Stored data
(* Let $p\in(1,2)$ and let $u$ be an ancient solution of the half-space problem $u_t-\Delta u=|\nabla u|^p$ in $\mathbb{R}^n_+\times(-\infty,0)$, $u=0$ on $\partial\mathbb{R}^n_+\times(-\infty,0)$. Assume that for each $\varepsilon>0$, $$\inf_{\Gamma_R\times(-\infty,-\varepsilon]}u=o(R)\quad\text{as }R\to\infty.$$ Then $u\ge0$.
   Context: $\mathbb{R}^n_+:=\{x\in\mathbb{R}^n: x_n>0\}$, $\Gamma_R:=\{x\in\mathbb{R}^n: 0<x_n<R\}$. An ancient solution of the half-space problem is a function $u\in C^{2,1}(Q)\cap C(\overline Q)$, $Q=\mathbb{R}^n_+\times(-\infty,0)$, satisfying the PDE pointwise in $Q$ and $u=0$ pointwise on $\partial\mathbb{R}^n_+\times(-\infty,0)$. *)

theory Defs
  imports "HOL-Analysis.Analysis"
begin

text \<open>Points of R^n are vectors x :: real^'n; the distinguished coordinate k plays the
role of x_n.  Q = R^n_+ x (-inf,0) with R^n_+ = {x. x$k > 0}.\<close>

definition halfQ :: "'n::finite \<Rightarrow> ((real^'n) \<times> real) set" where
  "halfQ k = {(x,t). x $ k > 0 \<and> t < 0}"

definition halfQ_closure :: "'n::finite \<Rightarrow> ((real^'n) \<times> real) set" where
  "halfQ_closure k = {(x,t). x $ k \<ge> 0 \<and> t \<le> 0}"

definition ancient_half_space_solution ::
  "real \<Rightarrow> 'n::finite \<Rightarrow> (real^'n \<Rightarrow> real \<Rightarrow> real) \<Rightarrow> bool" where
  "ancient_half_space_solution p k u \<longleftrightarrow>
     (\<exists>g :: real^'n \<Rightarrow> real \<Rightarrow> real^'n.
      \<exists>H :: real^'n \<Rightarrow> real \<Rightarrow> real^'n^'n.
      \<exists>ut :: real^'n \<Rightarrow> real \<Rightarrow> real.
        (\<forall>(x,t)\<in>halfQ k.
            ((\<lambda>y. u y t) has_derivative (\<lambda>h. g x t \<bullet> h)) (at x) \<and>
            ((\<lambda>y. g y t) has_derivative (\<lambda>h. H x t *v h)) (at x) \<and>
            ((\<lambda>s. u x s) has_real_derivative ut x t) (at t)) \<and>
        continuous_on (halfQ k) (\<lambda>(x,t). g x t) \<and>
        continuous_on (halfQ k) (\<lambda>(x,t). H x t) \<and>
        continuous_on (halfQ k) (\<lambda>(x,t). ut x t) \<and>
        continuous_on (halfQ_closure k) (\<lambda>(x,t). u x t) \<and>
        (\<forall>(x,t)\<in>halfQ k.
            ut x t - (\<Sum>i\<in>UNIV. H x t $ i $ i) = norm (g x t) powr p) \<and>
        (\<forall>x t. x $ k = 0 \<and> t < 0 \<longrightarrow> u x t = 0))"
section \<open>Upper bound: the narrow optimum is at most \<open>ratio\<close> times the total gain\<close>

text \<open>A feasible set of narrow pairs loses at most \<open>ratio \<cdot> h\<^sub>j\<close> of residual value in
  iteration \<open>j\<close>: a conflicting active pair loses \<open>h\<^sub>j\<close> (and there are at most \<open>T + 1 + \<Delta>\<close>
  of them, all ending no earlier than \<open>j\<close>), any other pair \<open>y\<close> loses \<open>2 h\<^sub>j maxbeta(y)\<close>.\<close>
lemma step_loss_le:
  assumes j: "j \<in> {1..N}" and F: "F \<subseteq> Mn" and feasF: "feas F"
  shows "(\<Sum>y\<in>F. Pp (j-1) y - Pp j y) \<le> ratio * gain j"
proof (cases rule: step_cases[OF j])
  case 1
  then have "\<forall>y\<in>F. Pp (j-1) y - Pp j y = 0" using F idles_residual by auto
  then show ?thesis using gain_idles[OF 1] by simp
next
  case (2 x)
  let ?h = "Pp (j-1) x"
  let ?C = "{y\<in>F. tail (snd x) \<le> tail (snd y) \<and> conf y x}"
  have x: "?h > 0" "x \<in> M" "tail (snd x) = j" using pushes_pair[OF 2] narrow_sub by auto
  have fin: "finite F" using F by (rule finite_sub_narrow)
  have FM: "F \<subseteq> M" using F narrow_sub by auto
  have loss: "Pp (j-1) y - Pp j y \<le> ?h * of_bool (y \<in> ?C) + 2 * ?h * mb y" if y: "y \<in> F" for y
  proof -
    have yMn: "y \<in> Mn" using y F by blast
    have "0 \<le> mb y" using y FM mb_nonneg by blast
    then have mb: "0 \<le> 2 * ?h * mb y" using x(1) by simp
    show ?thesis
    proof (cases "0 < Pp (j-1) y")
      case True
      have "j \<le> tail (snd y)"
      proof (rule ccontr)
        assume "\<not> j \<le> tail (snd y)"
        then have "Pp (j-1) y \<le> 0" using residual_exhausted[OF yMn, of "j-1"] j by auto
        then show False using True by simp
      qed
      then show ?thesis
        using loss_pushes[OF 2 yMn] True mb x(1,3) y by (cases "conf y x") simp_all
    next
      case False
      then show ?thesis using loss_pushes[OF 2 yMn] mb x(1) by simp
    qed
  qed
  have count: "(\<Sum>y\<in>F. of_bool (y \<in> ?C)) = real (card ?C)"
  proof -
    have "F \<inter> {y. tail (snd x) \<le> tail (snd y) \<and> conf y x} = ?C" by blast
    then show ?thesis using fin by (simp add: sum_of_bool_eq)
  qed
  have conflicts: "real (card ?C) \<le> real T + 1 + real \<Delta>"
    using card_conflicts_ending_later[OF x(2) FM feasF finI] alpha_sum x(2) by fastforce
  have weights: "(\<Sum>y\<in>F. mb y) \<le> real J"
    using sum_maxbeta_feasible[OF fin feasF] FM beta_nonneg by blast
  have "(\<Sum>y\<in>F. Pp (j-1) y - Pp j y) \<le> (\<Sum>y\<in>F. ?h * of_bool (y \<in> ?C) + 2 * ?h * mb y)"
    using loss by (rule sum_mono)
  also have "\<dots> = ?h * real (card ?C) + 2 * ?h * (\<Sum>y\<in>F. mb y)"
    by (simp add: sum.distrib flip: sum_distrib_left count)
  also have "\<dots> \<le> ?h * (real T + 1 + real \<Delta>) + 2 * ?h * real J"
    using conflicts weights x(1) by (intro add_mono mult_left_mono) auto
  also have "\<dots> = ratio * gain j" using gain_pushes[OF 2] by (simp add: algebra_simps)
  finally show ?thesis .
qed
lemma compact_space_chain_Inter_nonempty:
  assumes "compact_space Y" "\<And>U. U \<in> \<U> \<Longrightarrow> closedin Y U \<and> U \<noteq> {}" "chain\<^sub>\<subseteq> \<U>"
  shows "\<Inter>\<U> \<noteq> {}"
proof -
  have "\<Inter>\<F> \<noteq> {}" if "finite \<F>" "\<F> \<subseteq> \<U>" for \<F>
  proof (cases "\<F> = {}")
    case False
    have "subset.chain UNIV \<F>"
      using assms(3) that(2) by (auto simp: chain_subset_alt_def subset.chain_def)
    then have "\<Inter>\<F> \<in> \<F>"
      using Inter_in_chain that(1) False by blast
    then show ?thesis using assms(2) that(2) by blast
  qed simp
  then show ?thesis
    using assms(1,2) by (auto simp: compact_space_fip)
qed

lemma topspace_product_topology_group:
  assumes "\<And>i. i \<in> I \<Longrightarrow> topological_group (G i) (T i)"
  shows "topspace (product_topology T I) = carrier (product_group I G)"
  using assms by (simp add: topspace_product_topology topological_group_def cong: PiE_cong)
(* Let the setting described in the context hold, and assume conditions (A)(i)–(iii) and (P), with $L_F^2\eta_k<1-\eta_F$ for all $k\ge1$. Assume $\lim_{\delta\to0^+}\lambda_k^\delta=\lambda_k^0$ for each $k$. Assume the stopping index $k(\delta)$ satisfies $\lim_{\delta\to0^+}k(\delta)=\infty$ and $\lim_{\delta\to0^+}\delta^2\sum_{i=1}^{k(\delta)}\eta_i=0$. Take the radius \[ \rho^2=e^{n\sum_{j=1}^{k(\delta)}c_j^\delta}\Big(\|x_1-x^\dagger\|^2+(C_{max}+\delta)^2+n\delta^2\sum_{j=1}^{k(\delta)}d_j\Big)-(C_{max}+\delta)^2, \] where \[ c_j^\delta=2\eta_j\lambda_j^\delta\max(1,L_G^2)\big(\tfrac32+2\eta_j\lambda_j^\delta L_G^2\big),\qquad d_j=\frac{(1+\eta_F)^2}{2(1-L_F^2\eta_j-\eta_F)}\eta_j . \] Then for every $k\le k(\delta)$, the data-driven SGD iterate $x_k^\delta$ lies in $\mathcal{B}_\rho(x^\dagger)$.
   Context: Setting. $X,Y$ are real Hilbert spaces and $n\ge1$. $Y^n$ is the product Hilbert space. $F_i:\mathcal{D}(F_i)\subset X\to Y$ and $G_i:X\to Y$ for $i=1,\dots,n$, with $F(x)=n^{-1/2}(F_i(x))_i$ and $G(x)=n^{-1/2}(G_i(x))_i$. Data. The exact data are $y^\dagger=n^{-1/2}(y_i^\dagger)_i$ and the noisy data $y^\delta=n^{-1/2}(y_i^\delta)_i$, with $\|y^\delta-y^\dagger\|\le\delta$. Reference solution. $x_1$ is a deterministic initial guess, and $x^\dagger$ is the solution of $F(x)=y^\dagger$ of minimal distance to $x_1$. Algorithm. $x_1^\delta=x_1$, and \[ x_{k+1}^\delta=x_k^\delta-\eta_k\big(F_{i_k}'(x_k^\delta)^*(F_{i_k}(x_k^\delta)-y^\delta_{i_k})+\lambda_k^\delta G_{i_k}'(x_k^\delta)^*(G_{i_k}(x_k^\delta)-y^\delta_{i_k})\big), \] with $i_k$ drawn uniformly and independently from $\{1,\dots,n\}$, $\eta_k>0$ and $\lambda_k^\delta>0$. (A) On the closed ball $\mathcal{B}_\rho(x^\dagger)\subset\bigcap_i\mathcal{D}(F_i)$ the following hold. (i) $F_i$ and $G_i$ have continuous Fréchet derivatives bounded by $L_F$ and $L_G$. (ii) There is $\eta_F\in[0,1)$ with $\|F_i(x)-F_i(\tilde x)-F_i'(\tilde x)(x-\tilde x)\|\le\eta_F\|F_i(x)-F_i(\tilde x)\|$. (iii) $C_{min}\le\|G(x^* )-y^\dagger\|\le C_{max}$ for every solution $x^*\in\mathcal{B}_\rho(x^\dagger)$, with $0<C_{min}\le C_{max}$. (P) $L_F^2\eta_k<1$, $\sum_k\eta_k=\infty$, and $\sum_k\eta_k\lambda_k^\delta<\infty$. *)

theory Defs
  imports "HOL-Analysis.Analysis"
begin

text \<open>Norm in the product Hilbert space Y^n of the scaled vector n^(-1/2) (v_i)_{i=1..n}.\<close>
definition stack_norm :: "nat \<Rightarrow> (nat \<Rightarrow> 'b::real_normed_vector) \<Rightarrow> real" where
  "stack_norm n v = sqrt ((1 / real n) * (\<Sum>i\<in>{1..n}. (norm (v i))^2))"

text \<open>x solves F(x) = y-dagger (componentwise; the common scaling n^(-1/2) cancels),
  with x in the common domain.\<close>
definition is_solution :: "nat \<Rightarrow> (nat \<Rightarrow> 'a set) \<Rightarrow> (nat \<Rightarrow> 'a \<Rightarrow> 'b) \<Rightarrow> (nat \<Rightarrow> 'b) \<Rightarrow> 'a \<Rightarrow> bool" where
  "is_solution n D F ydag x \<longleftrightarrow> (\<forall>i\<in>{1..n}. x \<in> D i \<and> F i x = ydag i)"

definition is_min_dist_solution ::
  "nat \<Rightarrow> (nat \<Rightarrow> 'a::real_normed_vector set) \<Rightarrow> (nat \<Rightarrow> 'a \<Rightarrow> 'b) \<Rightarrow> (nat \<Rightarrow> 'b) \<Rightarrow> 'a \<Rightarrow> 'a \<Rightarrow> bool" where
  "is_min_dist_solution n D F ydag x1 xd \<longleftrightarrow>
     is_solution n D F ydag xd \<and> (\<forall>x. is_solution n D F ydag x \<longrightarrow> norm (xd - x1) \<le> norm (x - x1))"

■ To do ■
Read the entries above and find each line holding the word "count". Copy it out.

■ Solution ■
  have count: "(\<Sum>y\<in>F. of_bool (y \<in> ?C)) = real (card ?C)"
    by (simp add: sum.distrib flip: sum_distrib_left count)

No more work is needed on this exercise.